→ Work to be completed: Could you find each line of the data below that contains the word "assumes" and copy those lines?

→ Data provided:
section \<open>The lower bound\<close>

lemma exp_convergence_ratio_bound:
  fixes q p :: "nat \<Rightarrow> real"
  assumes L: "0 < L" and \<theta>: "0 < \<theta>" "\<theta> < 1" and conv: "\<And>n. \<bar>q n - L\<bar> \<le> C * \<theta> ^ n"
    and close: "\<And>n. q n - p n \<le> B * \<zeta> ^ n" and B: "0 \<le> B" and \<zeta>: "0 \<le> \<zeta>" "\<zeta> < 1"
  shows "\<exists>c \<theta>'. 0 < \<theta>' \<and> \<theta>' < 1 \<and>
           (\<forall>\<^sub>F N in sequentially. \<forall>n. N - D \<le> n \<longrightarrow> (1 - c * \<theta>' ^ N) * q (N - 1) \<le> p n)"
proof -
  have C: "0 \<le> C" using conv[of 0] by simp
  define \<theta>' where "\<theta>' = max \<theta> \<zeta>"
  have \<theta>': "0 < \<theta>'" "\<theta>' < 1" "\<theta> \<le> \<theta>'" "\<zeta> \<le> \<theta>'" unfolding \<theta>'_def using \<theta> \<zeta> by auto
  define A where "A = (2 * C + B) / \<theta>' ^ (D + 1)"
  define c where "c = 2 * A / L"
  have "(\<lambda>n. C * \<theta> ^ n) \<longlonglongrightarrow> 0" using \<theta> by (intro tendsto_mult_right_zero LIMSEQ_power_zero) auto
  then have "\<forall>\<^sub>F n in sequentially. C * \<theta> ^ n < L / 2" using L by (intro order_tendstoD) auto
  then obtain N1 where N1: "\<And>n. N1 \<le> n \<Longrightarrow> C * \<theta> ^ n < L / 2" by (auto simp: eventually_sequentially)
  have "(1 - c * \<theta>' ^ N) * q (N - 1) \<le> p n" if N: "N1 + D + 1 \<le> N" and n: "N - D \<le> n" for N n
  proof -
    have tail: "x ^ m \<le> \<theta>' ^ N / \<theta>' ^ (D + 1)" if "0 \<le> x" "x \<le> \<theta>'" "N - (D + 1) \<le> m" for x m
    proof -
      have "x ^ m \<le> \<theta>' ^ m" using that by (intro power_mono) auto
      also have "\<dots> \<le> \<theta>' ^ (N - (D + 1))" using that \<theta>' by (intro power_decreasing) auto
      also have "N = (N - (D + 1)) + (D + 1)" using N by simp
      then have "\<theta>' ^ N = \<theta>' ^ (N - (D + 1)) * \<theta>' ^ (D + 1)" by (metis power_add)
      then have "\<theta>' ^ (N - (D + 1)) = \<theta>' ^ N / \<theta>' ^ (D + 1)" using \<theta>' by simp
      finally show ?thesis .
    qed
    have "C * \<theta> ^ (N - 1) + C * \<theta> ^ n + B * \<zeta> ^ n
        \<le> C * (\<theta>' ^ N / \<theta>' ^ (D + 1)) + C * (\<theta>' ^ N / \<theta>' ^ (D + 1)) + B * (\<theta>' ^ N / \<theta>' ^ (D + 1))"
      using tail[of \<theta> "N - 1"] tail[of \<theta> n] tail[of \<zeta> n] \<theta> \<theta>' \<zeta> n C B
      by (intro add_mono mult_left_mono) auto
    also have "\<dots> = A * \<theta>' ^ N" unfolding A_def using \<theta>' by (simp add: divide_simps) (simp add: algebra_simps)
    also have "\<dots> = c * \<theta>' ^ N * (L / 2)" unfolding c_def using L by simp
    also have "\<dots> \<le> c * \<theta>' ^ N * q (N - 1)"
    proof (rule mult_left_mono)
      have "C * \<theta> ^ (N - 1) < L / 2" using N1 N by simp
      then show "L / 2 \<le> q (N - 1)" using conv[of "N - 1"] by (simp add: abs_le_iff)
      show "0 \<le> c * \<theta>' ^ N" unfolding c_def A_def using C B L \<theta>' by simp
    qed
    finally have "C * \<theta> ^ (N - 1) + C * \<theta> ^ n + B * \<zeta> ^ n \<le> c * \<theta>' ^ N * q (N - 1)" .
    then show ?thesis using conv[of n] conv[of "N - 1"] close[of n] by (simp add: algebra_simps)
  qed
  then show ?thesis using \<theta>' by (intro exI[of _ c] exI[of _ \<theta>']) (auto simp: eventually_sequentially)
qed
* * *
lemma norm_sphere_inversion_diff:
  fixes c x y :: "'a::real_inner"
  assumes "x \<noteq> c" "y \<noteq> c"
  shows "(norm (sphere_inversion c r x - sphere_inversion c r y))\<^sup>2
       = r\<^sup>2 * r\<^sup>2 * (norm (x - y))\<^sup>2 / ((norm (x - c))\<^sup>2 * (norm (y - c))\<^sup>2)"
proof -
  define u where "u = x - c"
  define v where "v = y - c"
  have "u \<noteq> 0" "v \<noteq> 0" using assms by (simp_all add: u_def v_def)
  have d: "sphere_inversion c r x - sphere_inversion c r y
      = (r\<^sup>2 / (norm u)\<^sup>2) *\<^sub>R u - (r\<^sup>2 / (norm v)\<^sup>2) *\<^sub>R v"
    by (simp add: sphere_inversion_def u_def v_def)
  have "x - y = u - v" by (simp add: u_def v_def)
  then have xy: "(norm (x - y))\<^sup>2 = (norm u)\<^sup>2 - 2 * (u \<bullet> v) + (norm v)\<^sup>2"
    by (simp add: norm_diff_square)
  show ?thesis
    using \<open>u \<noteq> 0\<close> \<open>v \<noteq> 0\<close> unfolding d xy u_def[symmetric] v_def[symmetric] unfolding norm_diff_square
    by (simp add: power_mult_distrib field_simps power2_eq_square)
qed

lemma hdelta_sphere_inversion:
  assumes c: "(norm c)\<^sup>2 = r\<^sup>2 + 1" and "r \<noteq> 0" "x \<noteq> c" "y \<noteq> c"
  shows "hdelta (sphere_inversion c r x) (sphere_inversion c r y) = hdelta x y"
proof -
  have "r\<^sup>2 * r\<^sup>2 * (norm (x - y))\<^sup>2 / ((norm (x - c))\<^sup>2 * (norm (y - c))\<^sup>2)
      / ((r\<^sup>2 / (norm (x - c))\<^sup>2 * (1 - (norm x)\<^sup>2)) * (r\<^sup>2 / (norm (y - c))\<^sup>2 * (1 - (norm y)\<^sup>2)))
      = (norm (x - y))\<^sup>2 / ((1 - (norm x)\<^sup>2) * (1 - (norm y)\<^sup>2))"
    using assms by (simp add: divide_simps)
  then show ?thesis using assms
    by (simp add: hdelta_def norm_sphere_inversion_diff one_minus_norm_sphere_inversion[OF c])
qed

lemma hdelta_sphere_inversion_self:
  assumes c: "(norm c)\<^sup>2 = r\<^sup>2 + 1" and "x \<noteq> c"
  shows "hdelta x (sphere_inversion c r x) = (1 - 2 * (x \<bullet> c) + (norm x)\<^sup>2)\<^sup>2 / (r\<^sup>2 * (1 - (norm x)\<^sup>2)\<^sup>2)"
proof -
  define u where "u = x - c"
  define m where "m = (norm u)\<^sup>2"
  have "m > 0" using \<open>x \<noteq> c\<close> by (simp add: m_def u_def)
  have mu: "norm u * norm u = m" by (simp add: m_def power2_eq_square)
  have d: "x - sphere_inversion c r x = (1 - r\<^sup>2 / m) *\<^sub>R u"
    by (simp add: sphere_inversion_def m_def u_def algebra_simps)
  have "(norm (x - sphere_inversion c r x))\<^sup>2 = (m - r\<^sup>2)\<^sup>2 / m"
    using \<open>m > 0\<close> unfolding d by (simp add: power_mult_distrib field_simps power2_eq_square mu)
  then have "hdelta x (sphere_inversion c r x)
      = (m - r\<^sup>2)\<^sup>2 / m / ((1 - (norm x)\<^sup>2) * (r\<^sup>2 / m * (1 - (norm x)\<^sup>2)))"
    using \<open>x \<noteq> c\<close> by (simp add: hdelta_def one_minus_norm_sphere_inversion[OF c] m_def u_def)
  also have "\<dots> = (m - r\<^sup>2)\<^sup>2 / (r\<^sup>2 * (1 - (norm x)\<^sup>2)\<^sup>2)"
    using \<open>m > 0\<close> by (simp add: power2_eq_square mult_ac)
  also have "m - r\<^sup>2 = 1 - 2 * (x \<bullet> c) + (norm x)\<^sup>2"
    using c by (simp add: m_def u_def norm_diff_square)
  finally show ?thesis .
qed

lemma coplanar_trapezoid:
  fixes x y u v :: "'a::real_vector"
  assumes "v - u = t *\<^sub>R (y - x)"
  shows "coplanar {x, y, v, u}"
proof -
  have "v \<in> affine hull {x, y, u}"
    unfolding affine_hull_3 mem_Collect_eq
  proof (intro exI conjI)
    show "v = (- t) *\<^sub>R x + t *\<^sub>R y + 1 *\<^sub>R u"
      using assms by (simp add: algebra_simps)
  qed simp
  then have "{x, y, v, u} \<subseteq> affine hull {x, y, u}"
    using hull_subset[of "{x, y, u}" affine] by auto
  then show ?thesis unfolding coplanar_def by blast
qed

→ Answer to the problem:
  assumes L: "0 < L" and \<theta>: "0 < \<theta>" "\<theta> < 1" and conv: "\<And>n. \<bar>q n - L\<bar> \<le> C * \<theta> ^ n"
  assumes "x \<noteq> c" "y \<noteq> c"
  assumes c: "(norm c)\<^sup>2 = r\<^sup>2 + 1" and "r \<noteq> 0" "x \<noteq> c" "y \<noteq> c"
  assumes c: "(norm c)\<^sup>2 = r\<^sup>2 + 1" and "x \<noteq> c"
  assumes "v - u = t *\<^sub>R (y - x)"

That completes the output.